Perplexity with LiteLLM

Overview

LiteLLM is a Python SDK and proxy server that gives you a single OpenAI-compatible interface to 100+ LLM providers. Both Perplexity’s Sonar models and the Agent API (with third-party models like GPT-5, Claude, and Gemini routed through Perplexity) are first-class providers in LiteLLM.

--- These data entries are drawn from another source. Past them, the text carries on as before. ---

(* Let $N\ge1$ be an integer and $f\in L^2(\pi)$. Then $\langle f,P_Nf\rangle_\pi\ge\langle f,P_{N+1}f\rangle_\pi$, and the inequality is strict if and only if $\|f-\mathbb{E}_\pi[f]\|_\pi>0$.
   Context: Let $\pi,q$ be probability densities with respect to a $\sigma$-finite measure $\mu$ on $(\mathbb{X},\mathcal{X})$ with $q>0$ wherever $\pi>0$; $\pi(dx)=\pi(x)\mu(dx)$, $q(dx)=q(x)\mu(dx)$, $\mathbb{S}=\{\pi>0\}$, $w=\pi/q$ on $\mathbb{S}$ and $0$ elsewhere. For integer $N\ge1$ and $z_1\in\mathbb{S}$, $P_N(z_1,A)=\int_{\mathbb{X}^{N-1}}\sum_{i=1}^N\frac{w(z_i)}{\sum_{j=1}^Nw(z_j)}\mathbf 1\{z_i\in A\}\prod_{n=2}^Nq(dz_n)$, $P_1(z,\cdot)=\delta_z$, $P_Nf(x)=\int f(y)P_N(x,dy)$; $\langle g,h\rangle_\pi=\int gh\,d\pi$, $\|g\|_\pi^2=\langle g,g\rangle_\pi$. *)

theory Defs
  imports "HOL-Probability.Probability"
begin

definition mtm_w :: "('a \<Rightarrow> real) \<Rightarrow> ('a \<Rightarrow> real) \<Rightarrow> 'a \<Rightarrow> real" where
  "mtm_w p q x = (if p x > 0 then p x / q x else 0)"

definition mtm_op :: "'a measure \<Rightarrow> ('a \<Rightarrow> real) \<Rightarrow> ('a \<Rightarrow> real) \<Rightarrow> nat
    \<Rightarrow> ('a \<Rightarrow> real) \<Rightarrow> 'a \<Rightarrow> real" where
  "mtm_op M p q N f x =
     (\<integral>z. (let z' = z(1 := x) in
            (\<Sum>i\<in>{1..N}. mtm_w p q (z' i) / (\<Sum>j\<in>{1..N}. mtm_w p q (z' j)) * f (z' i)))
       \<partial>(\<Pi>\<^sub>M n\<in>{2..N}. density M (\<lambda>y. ennreal (q y))))"

definition pi_inner :: "'a measure \<Rightarrow> ('a \<Rightarrow> real) \<Rightarrow> ('a \<Rightarrow> real) \<Rightarrow> ('a \<Rightarrow> real) \<Rightarrow> real" where
  "pi_inner M p g h = (\<integral>x. g x * h x \<partial>(density M (\<lambda>y. ennreal (p y))))"

definition pi_norm :: "'a measure \<Rightarrow> ('a \<Rightarrow> real) \<Rightarrow> ('a \<Rightarrow> real) \<Rightarrow> real" where
  "pi_norm M p g = sqrt (pi_inner M p g g)"

definition pi_expect :: "'a measure \<Rightarrow> ('a \<Rightarrow> real) \<Rightarrow> ('a \<Rightarrow> real) \<Rightarrow> real" where
  "pi_expect M p f = (\<integral>x. f x \<partial>(density M (\<lambda>y. ennreal (p y))))"

end

theory Submission
  imports Defs
begin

LiteLLM lets you swap providers without rewriting code, run a self-hosted proxy that fronts every model behind one API key, and track spend, latency, and errors per provider. Learn more at litellm.ai.

Installation

pip install litellm

API Key Setup

LiteLLM uses two environment variables depending on which Perplexity endpoint you’re calling:

# For Sonar chat completions (litellm.completion)
export PERPLEXITYAI_API_KEY="your_api_key_here"

# For Agent API responses (litellm.responses)
export PERPLEXITY_API_KEY="your_api_key_here"

In practice, set both to the same key.

Get API Key

Generate your Perplexity API key from the API portal.

Sonar Chat Completions

Call Perplexity’s Sonar models through litellm.completion with the perplexity/ model prefix:

from litellm import completion
import os

os.environ["PERPLEXITYAI_API_KEY"] = "your_api_key_here"

response = completion(
    model="perplexity/sonar-pro",
    messages=[
        {"role": "user", "content": "What are the latest fusion breakthroughs?"}
    ],
)

print(response.choices[0].message.content)

Streaming

from litellm import completion

response = completion(
    model="perplexity/sonar-pro",
    messages=[{"role": "user", "content": "Explain quantum computing."}],
    stream=True,
)

for chunk in response:
    print(chunk)

Reasoning Effort

For reasoning-capable Sonar models, pass reasoning_effort to control depth:

response = completion(
    model="perplexity/sonar-reasoning",
    messages=[{"role": "user", "content": "Walk through your reasoning."}],
    reasoning_effort="high",  # "low" | "medium" | "high"
)

Supported Sonar Models

Model	LiteLLM Identifier
`sonar`	`perplexity/sonar`
`sonar-pro`	`perplexity/sonar-pro`
`sonar-reasoning`	`perplexity/sonar-reasoning`
`sonar-reasoning-pro`	`perplexity/sonar-reasoning-pro`
`sonar-deep-research`	`perplexity/sonar-deep-research`

Agent API

Use litellm.responses to call the Agent API, which routes through Perplexity to third-party models with tool orchestration and presets.

Presets

from litellm import responses
import os

os.environ["PERPLEXITY_API_KEY"] = "your_api_key_here"

response = responses(
    model="perplexity/preset/pro-search",
    input="What are the latest developments in AI?",
    custom_llm_provider="perplexity",
)

print(response.output)

Available presets: fast-search, pro-search, deep-research, advanced-deep-research.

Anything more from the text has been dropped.